The Omnirizon was based on a design cooked up by Simca engineers working for Chrysler Europe, at the tail end of the long and convoluted Rootes Group saga. The North American version differed substantially from the Talbot/Chrysler/Simca Horizon built by Peugeot (which took over all of Chrysler Europe’s operations in 1978) and sold in Europe, but the family resemblance is obvious at a glance.
The earliest Omnirizons all had 1.7-liter Volkswagen engines, but the Chrysler 2.2 (of K-Car fame) became an option in 1981 and standard equipment by 1987 (for a while in the middle 1980s, a 1.6-liter Simca mill served as the El Cheapo base powerplant). The 2.2 in this car had 93 horses when new.
New cars with four-on-the-floor manual transmissions would be available here for another eight years after 1988, but the 1988 Omnirizon came with a five-speed manual as base equipment. If you wanted a three-speed automatic in your new ’88 Omni or Horizon, the price tag was a staggering $769 (about $1,845 in 2021).
Americans bought outdated 1988 Omnirizons for the same reason they bought the hilariously antiquated Chevrolet Chevette the year before: price. The MSRP on this car— and the identical-but-for-badging Horizon America— started at $5,995 (about $14,401 today). The cheapest possible ’88 Chevy Cavalier was $6,995, Ford’s most modestly priced Escort cost $6,586, the stripped-to-the-bare-minimum Civic went for $6,095, and the spartan Toyota Tercel EZ just managed to squeeze below the Omnirizon at $5,948 (those last two came with four-speed manual transmissions as standard equipment).
You could find a cheaper new car than the Omnirizon in 1988, but each choice induced a powerful sense of trepidation in the savvy 1988 car shopper. We don’t need to go into detail about why you might have run away in horror from the $4,199 Yugo GV and $5,295 Hyundai Excel that year, but what about the miserably tiny $5,490 Ford Festiva or the wretched $5,556 Subaru Justy? The $5,990 Brazilian Gol? The $5,899 Dodge/Plymouth Colt wasn’t so bad, nor was its Mitsubishi Mirage twin, but you got stuck with a four-on-the-floor instead of a gas-saving five-speed at that price (sorry, the Colt’s amazing Twin-Stick dual-range manual went away after 1984). I think I’d have pulled out the extra four clams to get a new $5,999 Mazda 323 or resigned myself to 300,000 miles of sensible Tercel EZ tedium, but I was a broke-ass college student driving a 15-year-old MGB-GT that year and any new car was as far out of reach for me as an intergalactic starship.

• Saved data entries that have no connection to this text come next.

(* Let $(X,d)$ be a compact metric space and let $f_1,f_2:X\to X$ be continuous. Suppose there is a point $c\in X$ with $f_1(x)=c$ for all $x\in X$. If the multiple mapping $F=\{f_1,f_2\}$ is (Hausdorff metric) sensitive, then $f_2$ is sensitive.
   Context: For the multiple mapping $F=\{f_1,f_2\}$ and $n\ge 1$, $F^n(x)=\{f_{i_1}f_{i_2}\cdots f_{i_n}(x)\mid i_1,\dots,i_n\in\{1,2\}\}$, a nonempty compact subset of $X$. The Hausdorff metric on nonempty compact subsets is $d_H(A,B)=\max\{\sup_{a\in A}\inf_{b\in B}d(a,b),\sup_{b\in B}\inf_{a\in A}d(a,b)\}$. $F$ is (Hausdorff metric) sensitive if there is $\delta>0$ such that for every nonempty open $U\subset X$ there exist $x,y\in U$ and $n\in\mathbb{Z}^+$ with $d_H(F^n(x),F^n(y))>\delta$. A continuous map $f:X\to X$ is sensitive if there is $\delta>0$ such that for every nonempty open $U\subset X$ there exist $x,y\in U$ and $n\in\mathbb{Z}^+$ with $d(f^n(x),f^n(y))>\delta$. Here $\mathbb{Z}^+=\{1,2,3,\dots\}$. *)

theory Defs
  imports "HOL-Analysis.Analysis"
begin

definition hausdorff_dist :: "'a::metric_space set \<Rightarrow> 'a set \<Rightarrow> real" where
  "hausdorff_dist A B =
     max (SUP a\<in>A. INF b\<in>B. dist a b) (SUP b\<in>B. INF a\<in>A. dist a b)"

text \<open>Orbit set of the multiple mapping F = {f1, f2}:
  F^n(x) = { f_{i_1} o ... o f_{i_n} (x) | i_1,...,i_n in {1,2} }.\<close>
fun multi_iter :: "('a \<Rightarrow> 'a) \<Rightarrow> ('a \<Rightarrow> 'a) \<Rightarrow> nat \<Rightarrow> 'a \<Rightarrow> 'a set" where
  "multi_iter f1 f2 0 x = {x}"
| "multi_iter f1 f2 (Suc n) x = f1 ` multi_iter f1 f2 n x \<union> f2 ` multi_iter f1 f2 n x"

definition multi_sensitive :: "'a::metric_space set \<Rightarrow> ('a \<Rightarrow> 'a) \<Rightarrow> ('a \<Rightarrow> 'a) \<Rightarrow> bool" where
  "multi_sensitive X f1 f2 \<longleftrightarrow>
     (\<exists>\<delta>>0. \<forall>U. openin (top_of_set X) U \<and> U \<noteq> {} \<longrightarrow>
        (\<exists>x\<in>U. \<exists>y\<in>U. \<exists>n\<ge>1. hausdorff_dist (multi_iter f1 f2 n x) (multi_iter f1 f2 n y) > \<delta>))"

definition sensitive :: "'a::metric_space set \<Rightarrow> ('a \<Rightarrow> 'a) \<Rightarrow> bool" where
  "sensitive X f \<longleftrightarrow>
     (\<exists>\<delta>>0. \<forall>U. openin (top_of_set X) U \<and> U \<noteq> {} \<longrightarrow>
        (\<exists>x\<in>U. \<exists>y\<in>U. \<exists>n\<ge>1. dist ((f ^^ n) x) ((f ^^ n) y) > \<delta>))"

end

theory Submission
  imports Defs
begin

text \<open>Since \<open>f\<^sub>1\<close> collapses \<open>X\<close> to the point \<open>c\<close>, every word containing \<open>f\<^sub>1\<close> forgets its
  starting point: \<open>F\<^sup>n(x) = {f\<^sub>2\<^sup>n(x)} \<union> {f\<^sub>2\<^sup>k(c) | k < n}\<close>. Two such sets differ in
  one point only, so their Hausdorff distance is at most \<open>d(f\<^sub>2\<^sup>n(x), f\<^sub>2\<^sup>n(y))\<close>, and any
  sensitivity constant of \<open>F\<close> is one for \<open>f\<^sub>2\<close>.\<close>

lemma multi_iter_subset:
  assumes "g ` X \<subseteq> X" "h ` X \<subseteq> X" "x \<in> X"
  shows "multi_iter g h n x \<subseteq> X"
  using assms by (induction n) auto

lemma multi_iter_const_left:
  assumes "h ` X \<subseteq> X" "c \<in> X" "\<And>x. x \<in> X \<Longrightarrow> g x = c" "x \<in> X"
  shows "multi_iter g h n x = insert ((h ^^ n) x) ((\<lambda>k. (h ^^ k) c) ` {..<n})"
proof (induction n)
  case 0
  show ?case by simp
next
  case (Suc n)
  have "g ` X \<subseteq> X" using assms(2,3) by (simp add: image_subset_iff)
  then have "multi_iter g h n x \<subseteq> X"
    using assms(1,4) by (rule multi_iter_subset)
  moreover have "multi_iter g h n x \<noteq> {}" using Suc.IH by blast
  ultimately have "g ` multi_iter g h n x = {c}" using assms(3) by auto
  moreover have "h ` multi_iter g h n x = insert ((h ^^ Suc n) x) ((\<lambda>k. (h ^^ Suc k) c) ` {..<n})"
    unfolding Suc.IH by (simp add: image_image)
  moreover have "(\<lambda>k. (h ^^ k) c) ` {..<Suc n} = insert c ((\<lambda>k. (h ^^ Suc k) c) ` {..<n})"
    unfolding lessThan_Suc_eq_insert_0 image_insert image_image by simp
  ultimately show ?case by simp
qed

lemma SUP_INF_dist_le:
  fixes A B :: "'a::metric_space set"
  assumes "A \<noteq> {}" and "\<And>a. a \<in> A \<Longrightarrow> \<exists>b\<in>B. dist a b \<le> r"
  shows "(SUP a\<in>A. INF b\<in>B. dist a b) \<le> r"
proof (rule cSUP_least[OF assms(1)])
  fix a assume "a \<in> A"
  then obtain b where "b \<in> B" "dist a b \<le> r" using assms(2) by blast
  moreover have "bdd_below ((\<lambda>b. dist a b) ` B)" by (rule bdd_belowI2[of _ 0]) simp
  ultimately show "(INF b\<in>B. dist a b) \<le> r" by (blast intro: cINF_lower2)
qed

lemma hausdorff_dist_le:
  fixes A B :: "'a::metric_space set"
  assumes "A \<noteq> {}" "B \<noteq> {}"
    and "\<And>a. a \<in> A \<Longrightarrow> \<exists>b\<in>B. dist a b \<le> r"
    and "\<And>b. b \<in> B \<Longrightarrow> \<exists>a\<in>A. dist a b \<le> r"
  shows "hausdorff_dist A B \<le> r"
proof -
  have "(SUP a\<in>A. INF b\<in>B. dist a b) \<le> r"
    using assms(1,3) by (rule SUP_INF_dist_le)
  moreover have "(SUP b\<in>B. INF a\<in>A. dist b a) \<le> r"
    by (rule SUP_INF_dist_le[OF assms(2)]) (metis assms(4) dist_commute)
  ultimately show ?thesis unfolding hausdorff_dist_def by (simp add: dist_commute)
qed

lemma hausdorff_dist_insert_le:
  fixes a b :: "'a::metric_space"
  shows "hausdorff_dist (insert a S) (insert b S) \<le> dist a b"
proof (rule hausdorff_dist_le)
  show "\<exists>b'\<in>insert b S. dist a' b' \<le> dist a b" if "a' \<in> insert a S" for a'
    using that by (metis dist_self insertCI insertE order_refl zero_le_dist)
  show "\<exists>a'\<in>insert a S. dist a' b' \<le> dist a b" if "b' \<in> insert b S" for b'
    using that by (metis dist_self insertCI insertE order_refl zero_le_dist dist_commute)
qed simp_all

lemma hausdorff_dist_multi_iter_const_left_le:
  fixes g h :: "'a::metric_space \<Rightarrow> 'a"
  assumes "h ` X \<subseteq> X" "c \<in> X" "\<And>x. x \<in> X \<Longrightarrow> g x = c" "x \<in> X" "y \<in> X"
  shows "hausdorff_dist (multi_iter g h n x) (multi_iter g h n y) \<le> dist ((h ^^ n) x) ((h ^^ n) y)"
  using hausdorff_dist_insert_le
  by (simp only: multi_iter_const_left[OF assms(1-4)] multi_iter_const_left[OF assms(1-3,5)])

theorem theorem3p2:
  fixes X :: "'a::metric_space set" and f1 f2 :: "'a \<Rightarrow> 'a" and c :: 'a
  assumes "compact X"
    and "continuous_on X f1" and "f1 ` X \<subseteq> X"
    and "continuous_on X f2" and "f2 ` X \<subseteq> X"
    and "c \<in> X" and "\<And>x. x \<in> X \<Longrightarrow> f1 x = c"
    and "multi_sensitive X f1 f2"
  shows "sensitive X f2"
proof -
  obtain \<delta> where "\<delta> > 0" and sens: "\<forall>U. openin (top_of_set X) U \<and> U \<noteq> {} \<longrightarrow>
      (\<exists>x\<in>U. \<exists>y\<in>U. \<exists>n\<ge>1. hausdorff_dist (multi_iter f1 f2 n x) (multi_iter f1 f2 n y) > \<delta>)"
    using assms(8) unfolding multi_sensitive_def by blast
  show ?thesis unfolding sensitive_def
  proof (intro exI[of _ \<delta>] conjI allI impI \<open>\<delta> > 0\<close>)
    fix U assume U: "openin (top_of_set X) U \<and> U \<noteq> {}"
    then obtain x y n where "x \<in> U" "y \<in> U" "n \<ge> 1"
      and "hausdorff_dist (multi_iter f1 f2 n x) (multi_iter f1 f2 n y) > \<delta>"
      using sens by blast
    moreover have "U \<subseteq> X" using U openin_imp_subset by blast
    ultimately show "\<exists>x\<in>U. \<exists>y\<in>U. \<exists>n\<ge>1. dist ((f2 ^^ n) x) ((f2 ^^ n) y) > \<delta>"
      using hausdorff_dist_multi_iter_const_left_le[OF assms(5-7)]
      by (meson less_le_trans subsetD)
  qed
qed

end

Anyway, the Omnirizon was plenty of crude-but-functional car for the money and you still saw plenty of them on American roads as recently as the middle 2000s.
This one appears to have been abused in most cruel fashion for decades, then left to decay in the harsh Colorado climate for a bunch of years.
It was parked next to a similarly rough Horizon when I found it.
Just a few rows away from those two heaps, I found this Omni. Minutes later, I ran across an ultra-rare 1981 Plymouth Horizon Miser. Yes, four Omnirizons in the same car graveyard, and that’s not counting the ones packed with spare parts at a yard across town that I saw a couple years earlier. I suspect that a Denver-area Omnirizon fancier has been culling a lot full of parts cars as a handful of nice ones get fixed up, and that I’ll continue to find these cars in bunches (yes, the Omni GLH does show up in such yards now and then, thanks for asking).
For its first model year, the Omni’s advertising touted its versatility.
Later on, Omni marketing was all about low stickers and low interest rates.
Chrysler came up with the “America” trim level for low-priced versions of its cheaper Dodges and Plymouths starting in the 1987 model year. You could get the Aries, Reliant, Sundance and Shadow with the America package, but all Omnirizons became Americas starting at that point. As far as I know, there was never an Omnirizon with America badging.
The Talbot version had ¡Fuerza Dinamica!